- _Stored data entries_
(* Let $d\ge1$ and let $X,X'$ be $d$-dimensional random vectors such that $(X,X')$ is an exchangeable pair (i.e. $(X,X')$ and $(X',X)$ have the same joint distribution). Let $D=X-X'$ and suppose that $$\mathbb E[D\mid X]=\lambda\Lambda X+\lambda R$$ for some $0<\lambda<1$, some invertible $d\times d$ matrix $\Lambda$ and some random vector $R$. Let $\ell=e_1^t\Lambda^{-1}$ be the first row of $\Lambda^{-1}$, let $X_1$ and $D_1$ denote the first components of $X$ and $D$, and let $Z$ be a standard normal random variable. Then $$d_K(X_1,Z)\le \mathbb E\Big[\Big|1-\frac{1}{2\lambda}\mathbb E[\ell D\,D_1\mid X]\Big|\Big]+\frac1\lambda\mathbb E\Big[\big|\mathbb E[|\ell D|\,D_1\mid X]\big|\Big]+\frac{\sqrt{2\pi}}{4}\mathbb E[|\ell R|],$$ where $\ell D$ and $\ell R$ denote the Euclidean scalar products of $\ell$ (as a vector) with $D$ and $R$.
   Context: $d_K(X,Y)=\sup_{z\in\mathbb R}|\mathbb P(X\le z)-\mathbb P(Y\le z)|$ denotes the Kolmogorov distance. *)

theory Defs
  imports "HOL-Probability.Probability"
begin

definition kolmogorov_dist :: "real measure \<Rightarrow> real measure \<Rightarrow> real" where
  "kolmogorov_dist P Q = (SUP z. \<bar>measure P {..z} - measure Q {..z}\<bar>)"

definition sigma_rv :: "'a measure \<Rightarrow> ('a \<Rightarrow> 'b::topological_space) \<Rightarrow> 'a measure" where
  "sigma_rv M X = vimage_algebra (space M) X borel"

end

(* Stein's method for exchangeable pairs.  Let W = X_i and, for fixed z, let f be the bounded
   solution of the Stein equation f'(w) - w f(w) = 1{w <= z} - Phi(z), so that
   P(W <= z) - Phi(z) = E[f'(W) - W f(W)].  By exchangeability
   E[(ell.D) (f(W) - f(W'))] = 2 E[(ell.D) f(W)], and the regression condition together with
   ell Lambda = e_i turns this into 2 lam E[(W + ell.R) f(W)].  Solving for E[W f(W)] splits the
   error into three terms.  The first, E[f'(W) (1 - (ell.D) D_i / (2 lam))], is handled by
   conditioning on X and |f'| <= 1; the last, E[(ell.R) f(W)], by 0 <= f <= sqrt(2 pi) / 4.
   The middle one is the first-order Taylor remainder of f along W - W' = D_i.  Since f' is a
   difference of nondecreasing functions whose sum G satisfies |G - Phi(z)| <= 1, it is at most
   E[|ell.D| D_i (G(W) - G(W'))], which exchangeability turns into
   2 E[(G(W) - Phi(z)) E[|ell.D| D_i | X]]. *)

theory Submission
  imports Defs "HOL-Real_Asymp.Real_Asymp"
begin

section \<open>The standard normal distribution function\<close>

abbreviation \<Phi> :: "real \<Rightarrow> real" where
  "\<Phi> \<equiv> cdf std_normal_distribution"

interpretation std_normal: real_distribution std_normal_distribution
  by (rule real_dist_normal_dist)

lemma std_normal_density_pos: "0 < std_normal_density x"
  by (simp add: normal_density_pos)

lemma std_normal_density_minus [simp]: "std_normal_density (- x) = std_normal_density x"
  by (simp add: std_normal_density_def)

lemma has_real_derivative_std_normal_density [derivative_intros]:
  "(f has_real_derivative f') (at x within S) \<Longrightarrow>
   ((\<lambda>u. std_normal_density (f u)) has_real_derivative - f x * std_normal_density (f x) * f')
     (at x within S)"
  unfolding std_normal_density_def
  by (auto intro!: derivative_eq_intros simp: power2_eq_square field_simps)

lemma continuous_on_std_normal_density [continuous_intros]:
  "continuous_on S f \<Longrightarrow> continuous_on S (\<lambda>x. std_normal_density (f x))"
  unfolding normal_density_def by (intro continuous_intros) simp_all

lemma std_normal_cdf_diff:
  assumes "a \<le> b"
  shows "\<Phi> b - \<Phi> a = (LBINT u=a..b. std_normal_density u)"
proof (cases "a = b")
  case False
  then have "\<Phi> b - \<Phi> a = measure std_normal_distribution {a<..b}"
    using assms by (intro std_normal.cdf_diff_eq) simp
  also have "\<dots> = (\<integral>u. indicator {a<..b} u \<partial>std_normal_distribution)"
    by simp
  also have "\<dots> = (\<integral>u. std_normal_density u * indicator {a<..b} u \<partial>lborel)"
    by (subst integral_density) auto
  also have "\<dots> = (LBINT u=a..b. std_normal_density u)"
    unfolding interval_integral_Ioc[OF assms] set_lebesgue_integral_def
    by (intro Bochner_Integration.integral_cong) (simp_all add: mult.commute)
  finally show ?thesis .
qed simp

lemma has_real_derivative_std_normal_cdf: "(\<Phi> has_real_derivative std_normal_density x) (at x)"
proof -
  have "((\<lambda>u. LBINT y=x - 1..u. std_normal_density y) has_vector_derivative std_normal_density x)
      (at x within {x - 1..x + 1})"
    by (rule interval_integral_FTC2) (auto simp: normal_density_def intro!: continuous_intros)
  then have "((\<lambda>u. \<Phi> (x - 1) + (LBINT y=x - 1..u. std_normal_density y)) has_real_derivative
      std_normal_density x) (at x)"
    using at_within_interior[of x "{x - 1..x + 1}"]
    by (auto simp: has_real_derivative_iff_has_vector_derivative intro!: derivative_eq_intros)
  then show ?thesis
  proof (rule has_field_derivative_transform_within_open[where S = "{x - 1<..}"])
    fix u assume "u \<in> {x - 1<..}"
    then show "\<Phi> (x - 1) + (LBINT y=x - 1..u. std_normal_density y) = \<Phi> u"
      using std_normal_cdf_diff[of "x - 1" u] by simp
  qed simp_all
qed

lemma has_real_derivative_std_normal_cdf_comp [derivative_intros]:
  "(f has_real_derivative f') (at x within S) \<Longrightarrow>
   ((\<lambda>u. \<Phi> (f u)) has_real_derivative std_normal_density (f x) * f') (at x within S)"
  using DERIV_chain2[OF has_real_derivative_std_normal_cdf] .

lemma continuous_on_std_normal_cdf [continuous_intros]:
  "continuous_on S f \<Longrightarrow> continuous_on S (\<lambda>x. \<Phi> (f x))"
proof -
  have "continuous_on UNIV \<Phi>"
    using DERIV_isCont[OF has_real_derivative_std_normal_cdf]
    by (simp add: continuous_at_imp_continuous_on)
  then show "continuous_on S f \<Longrightarrow> continuous_on S (\<lambda>x. \<Phi> (f x))"
    by (rule continuous_on_compose2) auto
qed

lemma std_normal_cdf_minus: "\<Phi> (- x) = 1 - \<Phi> x"
proof -
  have "((\<lambda>u. \<Phi> (- u) + \<Phi> u) has_real_derivative 0) (at u)" for u
    using DERIV_add[OF DERIV_chain2[OF has_real_derivative_std_normal_cdf
        DERIV_minus[OF DERIV_ident]] has_real_derivative_std_normal_cdf]
    by simp
  then have const: "(\<lambda>u. \<Phi> (- u) + \<Phi> u) = (\<lambda>_. \<Phi> (- x) + \<Phi> x)"
    using DERIV_isconst_all by blast
  have "((\<lambda>u. \<Phi> (- u) + \<Phi> u) \<longlongrightarrow> 0 + 1) at_top"
    by (intro tendsto_add filterlim_compose[OF std_normal.cdf_lim_at_bot]
        filterlim_uminus_at_bot_at_top std_normal.cdf_lim_at_top_prob)
  then have "\<Phi> (- x) + \<Phi> x = 1"
    unfolding const by (simp add: tendsto_const_iff)
  then show ?thesis by simp
qed

lemma std_normal_cdf_0: "\<Phi> 0 = 1 / 2"
  using std_normal_cdf_minus[of 0] by simp

lemma nonneg_if_deriv_nonpos_tendsto_0:
  fixes h h' :: "real \<Rightarrow> real"
  assumes "\<And>x. a \<le> x \<Longrightarrow> (h has_real_derivative h' x) (at x)"
    and "\<And>x. a \<le> x \<Longrightarrow> h' x \<le> 0"
    and "(h \<longlongrightarrow> 0) at_top"
  shows "0 \<le> h a"
proof -
  have "h y \<le> h a" if "a \<le> y" for y
    using DERIV_nonpos_imp_nonincreasing[of a y h] that assms(1,2) by fastforce
  then have "eventually (\<lambda>y. h y \<le> h a) at_top"
    by (auto simp: eventually_at_top_linorder)
  then show ?thesis
    using tendsto_upperbound[OF assms(3)] by auto
qed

- _Work instructions_
Every line above from the line with "theory Defs" to the line with "(SUP z. \<bar>measure" is wanted, ends included; write them out exactly and add no other line.

- _Output_
theory Defs
  imports "HOL-Probability.Probability"
begin

definition kolmogorov_dist :: "real measure \<Rightarrow> real measure \<Rightarrow> real" where
  "kolmogorov_dist P Q = (SUP z. \<bar>measure P {..z} - measure Q {..z}\<bar>)"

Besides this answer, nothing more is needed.